lemma emeasure_unif01_graph_null:
  assumes "prob_space M" and [measurable]: "g \<in> borel_measurable M"
  shows "emeasure (unif01 \<Otimes>\<^sub>M M) {p \<in> space (unif01 \<Otimes>\<^sub>M M). fst p = g (snd p)} = 0"
proof -
  interpret U: prob_space unif01 by (rule prob_space_unif01)
  interpret M: prob_space M by fact
  interpret UM: pair_prob_space unif01 M ..
  let ?G = "{p \<in> space (unif01 \<Otimes>\<^sub>M M). fst p = g (snd p)}"
  have "emeasure (unif01 \<Otimes>\<^sub>M M) ?G = (\<integral>\<^sup>+y. emeasure unif01 ((\<lambda>x. (x, y)) -` ?G) \<partial>M)"
    by (rule UM.emeasure_pair_measure_alt2) measurable
  also have "\<dots> = (\<integral>\<^sup>+y. 0 \<partial>M)"
  proof (rule nn_integral_cong)
    fix y assume "y \<in> space M"
    then have "(\<lambda>x. (x, y)) -` ?G = {g y}"
      by (auto simp: space_pair_measure)
    then show "emeasure unif01 ((\<lambda>x. (x, y)) -` ?G) = 0"
      by (simp add: emeasure_unif01_singleton)
  qed
  finally show ?thesis by simp
qed

lemma iid_unif_tie_null:
  assumes "i \<noteq> j"
  shows "emeasure iid_unif {\<omega>. \<omega> i = \<omega> j} = 0"
proof -
  define Q where "Q = PiM (UNIV - {i}) (\<lambda>_. unif01)"
  define ins where "ins = (\<lambda>(x, X). X(i := x) :: nat \<Rightarrow> real)"
  have "prob_space Q"
    unfolding Q_def by (intro prob_space_PiM prob_space_unif01)
  have ins_meas: "ins \<in> unif01 \<Otimes>\<^sub>M Q \<rightarrow>\<^sub>M iid_unif"
  proof -
    have "ins = (\<lambda>p. (snd p)(i := fst p))" by (auto simp: ins_def)
    then show ?thesis
      unfolding iid_unif_def by (simp only:) (rule measurable_fun_upd[where J="UNIV - {i}"], auto simp: Q_def)
  qed
  have tie: "{\<omega>. \<omega> i = \<omega> j} \<in> sets iid_unif"
  proof -
    have "{\<omega> \<in> space iid_unif. \<omega> i = \<omega> j} \<in> sets iid_unif" by measurable
    then show ?thesis by simp
  qed
  have "distr (unif01 \<Otimes>\<^sub>M Q) iid_unif ins = iid_unif"
    using distr_pair_PiM_eq_PiM[of "UNIV - {i}" "\<lambda>_. unif01" i] prob_space_unif01
    unfolding iid_unif_def Q_def ins_def by (simp add: insert_absorb)
  then have "emeasure iid_unif {\<omega>. \<omega> i = \<omega> j}
      = emeasure (unif01 \<Otimes>\<^sub>M Q) (ins -` {\<omega>. \<omega> i = \<omega> j} \<inter> space (unif01 \<Otimes>\<^sub>M Q))"
    using emeasure_distr[OF ins_meas tie] by simp
  also have "ins -` {\<omega>. \<omega> i = \<omega> j} \<inter> space (unif01 \<Otimes>\<^sub>M Q) = {p \<in> space (unif01 \<Otimes>\<^sub>M Q). fst p = snd p j}"
    using assms by (auto simp: ins_def)
  also have "emeasure (unif01 \<Otimes>\<^sub>M Q) \<dots> = 0"
  proof -
    have "(\<lambda>X. X j) \<in> borel_measurable Q"
      unfolding Q_def using assms by (intro measurable_component_unif01) simp
    from emeasure_unif01_graph_null[OF \<open>prob_space Q\<close> this] show ?thesis by simp
  qed
  finally show ?thesis .
qed

lemma AE_iid_unif_inj_on:
  assumes "finite A"
  shows "AE \<omega> in iid_unif. inj_on \<omega> A"
proof -
  have "AE \<omega> in iid_unif. \<forall>(i, j)\<in>A \<times> A. i \<noteq> j \<longrightarrow> \<omega> i \<noteq> \<omega> j"
  proof (rule AE_finite_allI)
    fix ij :: "nat \<times> nat"
    show "AE \<omega> in iid_unif. (\<lambda>(i, j). i \<noteq> j \<longrightarrow> \<omega> i \<noteq> \<omega> j) ij"
    proof (cases ij)
      case (Pair i j)
      have "{\<omega> \<in> space iid_unif. \<omega> i = \<omega> j} \<in> sets iid_unif" by measurable
      then show ?thesis
        using Pair iid_unif_tie_null[of i j]
        by (cases "i = j") (auto intro!: AE_I'[where N="{\<omega>. \<omega> i = \<omega> j}"] simp: null_sets_def)
    qed
  qed (use assms in simp)
  then show ?thesis by eventually_elim (auto simp: inj_on_def)
qed

definition rank :: "nat \<Rightarrow> (nat \<Rightarrow> real) \<Rightarrow> nat \<Rightarrow> nat" where
  "rank n \<omega> i = (if i \<in> {1..n} then Suc (card {j\<in>{1..n}. \<omega> j < \<omega> i}) else i)"

lemma rank_less_iff:
  assumes "i \<in> {1..n}" "j \<in> {1..n}"
  shows "rank n \<omega> i < rank n \<omega> j \<longleftrightarrow> \<omega> i < \<omega> j"
proof
  assume "\<omega> i < \<omega> j"
  then have "{l\<in>{1..n}. \<omega> l < \<omega> i} \<subset> {l\<in>{1..n}. \<omega> l < \<omega> j}"
    using assms by auto
  then have "card {l\<in>{1..n}. \<omega> l < \<omega> i} < card {l\<in>{1..n}. \<omega> l < \<omega> j}"
    by (intro psubset_card_mono) auto
  then show "rank n \<omega> i < rank n \<omega> j" using assms by (simp add: rank_def)
next
  assume less: "rank n \<omega> i < rank n \<omega> j"
  show "\<omega> i < \<omega> j"
  proof (rule ccontr)
    assume "\<not> \<omega> i < \<omega> j"
    then have "{l\<in>{1..n}. \<omega> l < \<omega> j} \<subseteq> {l\<in>{1..n}. \<omega> l < \<omega> i}" by auto
    then have "card {l\<in>{1..n}. \<omega> l < \<omega> j} \<le> card {l\<in>{1..n}. \<omega> l < \<omega> i}"
      by (intro card_mono) auto
    with less show False using assms by (simp add: rank_def)
  qed
qed

lemma rank_permutes:
  assumes "inj_on \<omega> {1..n}"
  shows "rank n \<omega> permutes {1..n}"
proof (rule bij_imp_permutes)
  have inj: "inj_on (rank n \<omega>) {1..n}"
  proof (rule inj_onI)
    fix i j assume ij: "i \<in> {1..n}" "j \<in> {1..n}" "rank n \<omega> i = rank n \<omega> j"
    then have "\<not> \<omega> i < \<omega> j" "\<not> \<omega> j < \<omega> i"
      using rank_less_iff[of i n j \<omega>] rank_less_iff[of j n i \<omega>] by auto
    then show "i = j" using assms ij by (auto dest: inj_onD)
  qed
  have "rank n \<omega> ` {1..n} \<subseteq> {1..n}"
  proof
    fix x assume "x \<in> rank n \<omega> ` {1..n}"
    then obtain i where i: "i \<in> {1..n}" "x = rank n \<omega> i" by auto
    have "card {j\<in>{1..n}. \<omega> j < \<omega> i} \<le> card ({1..n} - {i})" by (intro card_mono) auto
    then show "x \<in> {1..n}" using i by (simp add: rank_def; linarith)
  qed
  then have "rank n \<omega> ` {1..n} = {1..n}"
    using inj by (meson card_image card_subset_eq finite_atLeastAtMost)
  then show "bij_betw (rank n \<omega>) {1..n} {1..n}" using inj by (simp add: bij_betw_def)
qed (auto simp: rank_def)

lemma rank_reindex:
  assumes \<tau>: "\<tau> permutes {1..n}"
  shows "rank n (\<lambda>i. \<omega> (\<tau> i)) = rank n \<omega> \<circ> \<tau>"
proof
  fix i
  show "rank n (\<lambda>i. \<omega> (\<tau> i)) i = (rank n \<omega> \<circ> \<tau>) i"
  proof (cases "i \<in> {1..n}")
    case True
    then have "\<tau> i \<in> {1..n}" using permutes_in_image[OF \<tau>] by blast
    moreover have "bij_betw \<tau> {j\<in>{1..n}. \<omega> (\<tau> j) < \<omega> (\<tau> i)} {j\<in>{1..n}. \<omega> j < \<omega> (\<tau> i)}"
      by (rule bij_betw_Collect[OF permutes_imp_bij[OF \<tau>]]) simp
    ultimately show ?thesis using True by (simp add: rank_def bij_betw_same_card)
  next
    case False
    then have "\<tau> i = i" using \<tau> by (simp add: permutes_not_in)
    with False show ?thesis by (auto simp: rank_def)
  qed
qed

lemma pred_card_Collect_eq:
  assumes "\<And>j. j \<in> S \<Longrightarrow> Measurable.pred M (P j)" and "finite S"
  shows "Measurable.pred M (\<lambda>x. card {j\<in>S. P j x} = c)"
proof -
  have "card {j\<in>S. P j x} = c \<longleftrightarrow> (\<exists>A\<in>Pow S. card A = c \<and> (\<forall>j\<in>S. j \<in> A \<longleftrightarrow> P j x))" for x
  proof
    assume "\<exists>A\<in>Pow S. card A = c \<and> (\<forall>j\<in>S. j \<in> A \<longleftrightarrow> P j x)"
    then obtain A where "A \<subseteq> S" "card A = c" "\<forall>j\<in>S. j \<in> A \<longleftrightarrow> P j x" by auto
    moreover from this have "A = {j\<in>S. P j x}" by auto
    ultimately show "card {j\<in>S. P j x} = c" by simp
  qed auto
  then show ?thesis
    using assms by (simp only:) (intro pred_intros_finite pred_intros_logic; auto simp: pred_def)
qed

lemma sets_rank_eq: "{\<omega>. rank n \<omega> = \<sigma>} \<in> sets iid_unif"
proof -
  have [measurable]: "Measurable.pred iid_unif (\<lambda>\<omega>. card {j\<in>{1..n}. \<omega> j < \<omega> i} = c)" for i c
    by (rule pred_card_Collect_eq) auto
  have "{\<omega>. rank n \<omega> = \<sigma>} = {\<omega>\<in>space iid_unif. \<forall>i. if i \<in> {1..n}
      then 1 \<le> \<sigma> i \<and> card {j\<in>{1..n}. \<omega> j < \<omega> i} = \<sigma> i - 1 else i = \<sigma> i}"
    by (auto simp: fun_eq_iff rank_def)
  also have "\<dots> \<in> sets iid_unif" by measurable
  finally show ?thesis .
qed

lemma AE_rank_permutes: "AE \<omega> in iid_unif. rank n \<omega> permutes {1..n}"
  using AE_iid_unif_inj_on[OF finite_atLeastAtMost[of 1 n]] by eventually_elim (rule rank_permutes)

lemma prob_rank_eq:
  assumes "\<sigma> permutes {1..n}"
  shows "iid.prob {\<omega>. rank n \<omega> = \<sigma>} = 1 / fact n"
proof -
  have exchangeable: "iid.prob {\<omega>. rank n \<omega> = \<sigma>'} = iid.prob {\<omega>. rank n \<omega> = \<sigma>' \<circ> inv \<tau>}"
    if \<tau>: "\<tau> permutes {1..n}" for \<tau> \<sigma>'
  proof -
    have "iid.prob {\<omega>. rank n \<omega> = \<sigma>'}
        = measure (distr iid_unif iid_unif (\<lambda>\<omega> i. \<omega> (\<tau> i))) {\<omega>. rank n \<omega> = \<sigma>'}"
      by (simp add: distr_iid_unif_reindex permutes_inj[OF \<tau>])
    also have "\<dots> = iid.prob ((\<lambda>\<omega> i. \<omega> (\<tau> i)) -` {\<omega>. rank n \<omega> = \<sigma>'} \<inter> space iid_unif)"
      by (rule measure_distr) (auto simp: sets_rank_eq intro: measurable_iid_unif_reindex)
    also have "(\<lambda>\<omega> i. \<omega> (\<tau> i)) -` {\<omega>. rank n \<omega> = \<sigma>'} \<inter> space iid_unif = {\<omega>. rank n \<omega> = \<sigma>' \<circ> inv \<tau>}"
    proof -
      have "rank n \<omega> \<circ> \<tau> = \<sigma>' \<longleftrightarrow> rank n \<omega> = \<sigma>' \<circ> inv \<tau>" for \<omega>
        using permutes_inv_o[OF \<tau>] by (metis comp_assoc comp_id)
      then show ?thesis using rank_reindex[OF \<tau>] by auto
    qed
    finally show ?thesis .
  qed
  define c where "c = iid.prob {\<omega>. rank n \<omega> = id}"
  have equal: "iid.prob {\<omega>. rank n \<omega> = \<sigma>'} = c" if "\<sigma>' permutes {1..n}" for \<sigma>'
    using exchangeable[OF that, of \<sigma>'] permutes_inv_o[OF that] by (simp add: c_def)
  define S where "S = {\<sigma>'. \<sigma>' permutes {1..n}}"
  have "finite S" unfolding S_def by (rule finite_permutations) simp
  have total: "iid.prob (\<Union>\<sigma>'\<in>S. {\<omega>. rank n \<omega> = \<sigma>'}) = 1"
  proof (subst iid.prob_eq_1)
    show "AE \<omega> in iid_unif. \<omega> \<in> (\<Union>\<sigma>'\<in>S. {\<omega>. rank n \<omega> = \<sigma>'})"
      using AE_rank_permutes[of n] by eventually_elim (auto simp: S_def)
  qed (use \<open>finite S\<close> in \<open>auto simp: sets_rank_eq\<close>)
  have "iid.prob (\<Union>\<sigma>'\<in>S. {\<omega>. rank n \<omega> = \<sigma>'}) = (\<Sum>\<sigma>'\<in>S. iid.prob {\<omega>. rank n \<omega> = \<sigma>'})"
    by (rule measure_finite_Union) (auto simp: \<open>finite S\<close> sets_rank_eq disjoint_family_on_def)
  also have "\<dots> = fact n * c"
    using equal card_permutations[of "{1..n}" n] by (simp add: S_def)
  finally show ?thesis using total equal[OF assms] by (simp add: field_simps)
qed

lemma prob_rank_in:
  assumes "B \<subseteq> {\<sigma>. \<sigma> permutes {1..n}}"
  shows "iid.prob {\<omega>. rank n \<omega> \<in> B} = card B / fact n"
proof -
  have "finite B"
    using assms finite_permutations[of "{1..n}"] by (auto intro: finite_subset)
  have "{\<omega>. rank n \<omega> \<in> B} = (\<Union>\<sigma>\<in>B. {\<omega>. rank n \<omega> = \<sigma>})" by auto
  also have "iid.prob \<dots> = (\<Sum>\<sigma>\<in>B. iid.prob {\<omega>. rank n \<omega> = \<sigma>})"
    by (rule measure_finite_Union) (auto simp: \<open>finite B\<close> sets_rank_eq disjoint_family_on_def)
  also have "\<dots> = (\<Sum>\<sigma>\<in>B. 1 / fact n)"
    using assms by (intro sum.cong) (auto simp: prob_rank_eq)
  finally show ?thesis by simp
qed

**Assignment:**
Return every line in the listing that contains the word "lemma".

**Task response:**
lemma emeasure_unif01_graph_null:
lemma iid_unif_tie_null:
lemma AE_iid_unif_inj_on:
lemma rank_less_iff:
lemma rank_permutes:
lemma rank_reindex:
lemma pred_card_Collect_eq:
lemma sets_rank_eq: "{\<omega>. rank n \<omega> = \<sigma>} \<in> sets iid_unif"
lemma AE_rank_permutes: "AE \<omega> in iid_unif. rank n \<omega> permutes {1..n}"
lemma prob_rank_eq:
lemma prob_rank_in:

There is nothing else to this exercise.